One…Two…Three…Four…Five…Six…Seven…Eight…Nine…Ten…Eleven…Twelve…Thirteen…Fourteen…Fifteen…Sixteen…Seventeen...Eighteen…Nineteen…Twenty…Twenty-One…Twenty-Two…Twenty-Three…Twenty-Four…Twenty-Five…I had taken three breaths in the time Will took his one long inhale and slowly, silently, let it out.

“I could probably go on forever, Will. Thank you. But,” it took me one…two…three seconds to find my voice again and stop the sobs from overwhelming my speech. “But you don’t have forever. So I think I need to say a few things before forever comes for us.” I sobbed again, took three more seconds to find my voice and began again. “We’ll be okay, Will. Rebecca will be okay. You picked a good one there. She really loves you. She’s hurting, but she’s also brave. She’s amazing. I’m not sure I could have ever walked into this knowingly. She did. But she’ll be okay, too. I’ll be okay. I have two beautiful children, Will. You saw them. I miss them so much. It’s so surreal to think of my life in Colorado. With my children, with Chris…my family. I feel like I am exactly where I am supposed to be right now. Here, with you. I can’t even begin to imagine the emotions I will go through once I drive away from here, unable to call you to keep me awake, to laugh at the random chickens I see on the side of the road in West Virginia.” I paused to allow more tears to surface. “I wish you could laugh with me. Chickens on the road in West Virginia. Who else is going to ever get that? It was just you and me on that road trip.” I couldn’t control the tears anymore. I lifted my head more, looked at Will’s open mouth, moved my eye up to his closed eyelids, and watched. I was hoping to see movement, recognition, something I might see if he were sleeping and dreaming.

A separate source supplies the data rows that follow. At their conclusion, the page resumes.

lemma octal_eq_iff:
  "octal b1 b2 b3 z = octal c1 c2 c3 w \<longleftrightarrow> b1 = c1 \<and> b2 = c2 \<and> b3 = c3 \<and> z = w"
proof -
  have "octal b1 b2 b3 z = octal c1 c2 c3 w
    \<longleftrightarrow> (of_bit b1 + 2 * of_bit b2 + 4 * of_bit b3 + 8 * z :: int)
      = of_bit c1 + 2 * of_bit c2 + 4 * of_bit c3 + 8 * w"
    unfolding octal_def of_int_eq_iff[where 'a=real, symmetric] by simp
  also have "\<dots> \<longleftrightarrow> b1 = c1 \<and> b2 = c2 \<and> b3 = c3 \<and> z = w"
    by (cases b1; cases b2; cases b3; cases c1; cases c2; cases c3) (simp_all, presburger+)
  finally show ?thesis .
qed

definition octal_vector :: "bit^'n \<Rightarrow> bit^'n \<Rightarrow> bit^'n \<Rightarrow> int^'n \<Rightarrow> real^'n" where
  "octal_vector c1 c2 c3 z = (\<chi> i. octal (c1$i) (c2$i) (c3$i) (z$i))"

lemma Gamma_Cstar_eq: "Gamma_Cstar C = {octal_vector c1 c2 c3 z | c1 c2 c3 z. (c1, c2, c3) \<in> C}"
  unfolding Gamma_Cstar_def octal_vector_def octal_def by simp

lemma octal_vector_eq_iff:
  "octal_vector c1 c2 c3 z = octal_vector d1 d2 d3 w \<longleftrightarrow> c1 = d1 \<and> c2 = d2 \<and> c3 = d3 \<and> z = w"
  by (auto simp: octal_vector_def vec_eq_iff octal_eq_iff)

lemma octal_vector_add:
  fixes p q a b x y :: "bit^'n"
  defines "m \<equiv> majority a b (p * q)"
  shows "octal_vector p a x z + octal_vector q b y w
    = octal_vector (p + q) (a + b + p * q) (x + y + m) (z + w + (\<chi> i. of_bit (majority x y m $ i)))"
  by (simp add: octal_vector_def vec_eq_iff m_def octal_add)

lemma octal_vector_add_multiple_8:
  "octal_vector c1 c2 c3 z + 8 *\<^sub>R (\<chi> i. of_int (k i)) = octal_vector c1 c2 c3 (z + (\<chi> i. k i))"
  by (simp add: octal_vector_def octal_def vec_eq_iff algebra_simps)

lemma Gamma_Cstar_integer: "v \<in> Gamma_Cstar C \<Longrightarrow> v$i \<in> \<int>"
  unfolding Gamma_Cstar_def by auto

lemma Gamma_Cstar_code_C_eq:
  "Gamma_Cstar (code_C C2) = {octal_vector (vec (parity x)) a x z | a x z. a \<in> C2}"
  unfolding Gamma_Cstar_eq code_C_eq by blast

lemma octal_vector_mem_Gamma_Cstar_code_C:
  "a \<in> C2 \<Longrightarrow> octal_vector (vec (parity x)) a x z \<in> Gamma_Cstar (code_C C2)"
  unfolding Gamma_Cstar_code_C_eq by blast

lemma Gamma_Cstar_code_C_cases:
  assumes "v \<in> Gamma_Cstar (code_C C2)"
  obtains a x z where "a \<in> C2" "v = octal_vector (vec (parity x)) a x z"
  using assms unfolding Gamma_Cstar_code_C_eq by blast

lemma Gamma_Cstar_code_C_add_closed:
  assumes lin: "binary_linear_code C2" and so: "self_orthogonal C2" and ones: "1 \<in> C2"
    and "u \<in> Gamma_Cstar (code_C C2)" "v \<in> Gamma_Cstar (code_C C2)"
  shows "u + v \<in> Gamma_Cstar (code_C C2)"
proof -
  obtain a x z where a: "a \<in> C2" and u: "u = octal_vector (vec (parity x)) a x z"
    using assms(4) by (rule Gamma_Cstar_code_C_cases)
  obtain b y w where b: "b \<in> C2" and v: "v = octal_vector (vec (parity y)) b y w"
    using assms(5) by (rule Gamma_Cstar_code_C_cases)
  define c where "c = parity x * parity y"
  have carry: "vec (parity x) * vec (parity y) = (vec c :: bit^'n)"
    by (simp add: c_def vec_eq_iff)
  obtain z' where sum: "u + v = octal_vector (vec (parity x + parity y))
      (a + b + vec c) (x + y + majority a b (vec c)) z'"
    unfolding u v octal_vector_add vec_add carry by blast
  have "a + b + vec c \<in> C2"
    using a b binary_linear_code_add[OF lin] binary_linear_code_vec[OF lin ones] by blast
  moreover have "parity (x + y + majority a b (vec c)) = parity x + parity y"
    by (simp add: parity_add parity_majority_vec[OF so a b])
  ultimately show ?thesis
    unfolding sum using octal_vector_mem_Gamma_Cstar_code_C by metis
qed

lemma additive_subgroup_Gamma_Cstar_code_C:
  assumes "binary_linear_code C2" "self_orthogonal C2" "1 \<in> C2"
  shows "additive_subgroup (Gamma_Cstar (code_C C2))"
proof (rule additive_subgroup_if_add_closed_periodic[where m = 8])
  have "0 = octal_vector (vec (parity 0)) 0 0 (0 :: int^'n)"
    by (simp add: octal_vector_def octal_def vec_eq_iff)
  moreover have "0 \<in> C2"
    using assms(1) unfolding binary_linear_code_def by blast
  ultimately show "0 \<in> Gamma_Cstar (code_C C2)"
    using octal_vector_mem_Gamma_Cstar_code_C by metis
next
  fix v k
  assume "v \<in> Gamma_Cstar (code_C C2)"
  then obtain a x z where "a \<in> C2" "v = octal_vector (vec (parity x)) a x z"
    by (rule Gamma_Cstar_code_C_cases)
  then show "v + of_nat 8 *\<^sub>R (\<chi> i. of_int (k i)) \<in> Gamma_Cstar (code_C C2)"
    using octal_vector_mem_Gamma_Cstar_code_C by (simp add: octal_vector_add_multiple_8)
qed (use Gamma_Cstar_code_C_add_closed[OF assms] Gamma_Cstar_integer in auto)
(* Let $p$ be a prime and $G$ a finite $p$-group. Then $\mathfrak{p}_{H,p}=\mathfrak{p}_{K,p}$ for all $H,K\le G$. For a prime $q\ne p$ and $H,K\le G$, $\mathfrak{p}_{H,q}=\mathfrak{p}_{K,q}$ if and only if $H$ and $K$ are conjugate in $G$.
   Context: $A(H)$ is the Burnside ring of a finite group $H$; for $I\le H$ and $r$ a prime, $\varphi^I_{H,r}\colon A(H)\to\mathbb{Z}/r\mathbb{Z}$ is the ring map $X\mapsto|X^I|\bmod r$. The Burnside $G$-Tambara functor $\underline{A}_G$ has $\underline{A}_G(G/L)=A(L)$ (with restrictions, transfers $K\times_L-$, norms $\mathrm{Map}_L(K,-)$ and conjugations). For $K\le G$ and $r$ prime, $\mathfrak{p}_{K,r}$ is the ideal with $\mathfrak{p}_{K,r}(G/L)=\bigcap_{I\le L,\ I\preccurlyeq_GK}\ker(\varphi^I_{L,r})$, where $I\preccurlyeq_GK$ means $I$ is conjugate in $G$ to a subgroup of $K$. *)

theory Defs
  imports "HOL-Algebra.Group_Action" "HOL-Computational_Algebra.Primes"
begin

text \<open>Finite L-sets: every finite L-set is isomorphic to one whose underlying set
is a finite subset of nat; an L-set is a pair (S, act) with act a group action
of L on S (HOL-Algebra group_action, i.e. a hom L -> BijGroup S).\<close>

type_synonym 'a gset = "nat set \<times> ('a \<Rightarrow> nat \<Rightarrow> nat)"

definition fin_gset :: "('a, 'b) monoid_scheme \<Rightarrow> 'a gset \<Rightarrow> bool" where
  "fin_gset L X \<longleftrightarrow> finite (fst X) \<and> group_action L (fst X) (snd X)"

definition gset_iso :: "('a, 'b) monoid_scheme \<Rightarrow> 'a gset \<Rightarrow> 'a gset \<Rightarrow> bool" where
  "gset_iso L X Y \<longleftrightarrow> (\<exists>f. bij_betw f (fst X) (fst Y) \<and>
     (\<forall>g\<in>carrier L. \<forall>x\<in>fst X. f (snd X g x) = snd Y g (f x)))"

“Do you remember that, Will? How in God’s green Earth did we get your Volkswagen up and down those West Virginia Mountains? What the hell were we thinking? This is a great idea! Let’s drive to bumfuck West Virginia just to see what’s it’s like out there, have lunch, and drive back! We were lucky we didn’t have to wait for my dad to drive seven hours to rescue us! Oh, man! That just reminds me of all the stupid shit my kids are going to do – and get away with! Hmph.” Silence took over me again. Will inhaled.

 

One…Two…Three…Four…Five…Six…Seven…Eight…Nine…Ten…Eleven…Twelve…Thirteen…Fourteen…Fifteen…Sixteen…Seventeen...Eighteen…Nineteen…Twenty…Twenty-One… Twenty-Two…Twenty-Three…Twenty-Four…Twenty-Five…Twenty-Six…Twenty-Seven…Twenty-Eight. Wheeze. The death rattle. Wasn’t that what someone had said the day before? Had it just been the day before? I was so tired. Saturday. 3:24pm, 1402111461.

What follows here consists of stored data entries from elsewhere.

lemma tooth_subset_rhombus_closure:
  assumes "i \<in> A" "1 \<le> i" "i \<le> N"
  shows "tooth i \<subseteq> rhombus_closure (comb N A)"
proof -
  let ?P = "comb N A" and ?C = "rhombus_closure (comb N A)"
  define k where "k = 4 * int i"
  have strip: "(x, 2) \<in> ?C" "(x, 3) \<in> ?C" if "k - 1 \<le> x" "x \<le> k + 1" for x
    using comb_strip_rhombus_closure[of "nat x"] that assms(2,3) by (auto simp: k_def)
  have in_P: "(k, 1) \<in> ?P" "(k + 1, 1) \<in> ?P" "(k + 1, 0) \<in> ?P"
    using assms by (auto simp: comb_def tooth_def k_def)
  have t1: "(k, 1) \<in> ?C"
    by (rule rhombus_closure.rhombus[of "(k, 2)" _ "(k - 1, 2)" "(k - 1, 3)"])
       (use strip in_P in \<open>auto simp: tri_adj_def tri_units_def\<close>)
  have t2: "(k + 1, 1) \<in> ?C"
    by (rule rhombus_closure.rhombus[of "(k, 2)" _ "(k + 1, 2)" "(k, 3)"])
       (use strip in_P in \<open>auto simp: tri_adj_def tri_units_def\<close>)
  have t3: "(k + 1, 0) \<in> ?C"
    by (rule rhombus_closure.rhombus[of "(k + 1, 1)" _ "(k, 1)" "(k, 2)"])
       (use strip in_P t1 t2 in \<open>auto simp: tri_adj_def tri_units_def\<close>)
  show ?thesis using t1 t2 t3 by (simp add: tooth_def k_def)
qed

lemma comb_subset_rhombus_closure: "comb N A \<subseteq> rhombus_closure (comb N A)"
proof
  fix z assume "z \<in> comb N A"
  then show "z \<in> rhombus_closure (comb N A)"
  proof (cases rule: comb_cases)
    case 1
    obtain x y where z: "z = (x, y)" by force
    then have "x = 0 \<or> x = 1" "0 \<le> y" "y \<le> 3" using 1 by auto
    then show ?thesis using comb_block_rhombus_closure[of "nat y"] z by auto
  next
    case 2
    obtain x y where z: "z = (x, y)" by force
    then have "y = 2 \<or> y = 3" "0 \<le> x" "x \<le> 4 * int N + 2" using 2 by auto
    then show ?thesis using comb_strip_rhombus_closure[of "nat x"] z by auto
  qed (use tooth_subset_rhombus_closure in blast)
qed

lemma comb_low_row:
  assumes "z \<in> comb N A" "snd z \<le> 1" "z \<notin> seam"
  shows "z \<in> {(0, 1), (1, 1)} \<or> (\<exists>i\<in>A. 1 \<le> i \<and> z \<in> tooth i)"
  using assms(1)
proof (cases rule: comb_cases)
  case 1
  then show ?thesis using assms(2,3) by (auto simp: seam_def)
next
  case 2
  then show ?thesis using assms(2) by auto
qed blast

John Lennon was playing from my phone. “Will, I guess I just need to say we all love you. I love you. Rebecca loves you. Brian loves you. The people in this town all love you. I don’t even know who is here, but I know people have been coming by all day. I think they want to show you respect, so they haven’t been coming in here, but they love you. They also want Rebecca and me to know they are here for us. We will all be alright. We will. We will miss you so much, but we’ll be alright. We’ll move forward. We’ll think of you each and every day, maybe even every second of every day, but, Will? You can let go.” I said it. I knew I had to. I wasn’t sure what Will needed to hear. Or if he was even listening, but I was done talking. I gave him permission to let go, but all I was really saying was to myself – he could let go.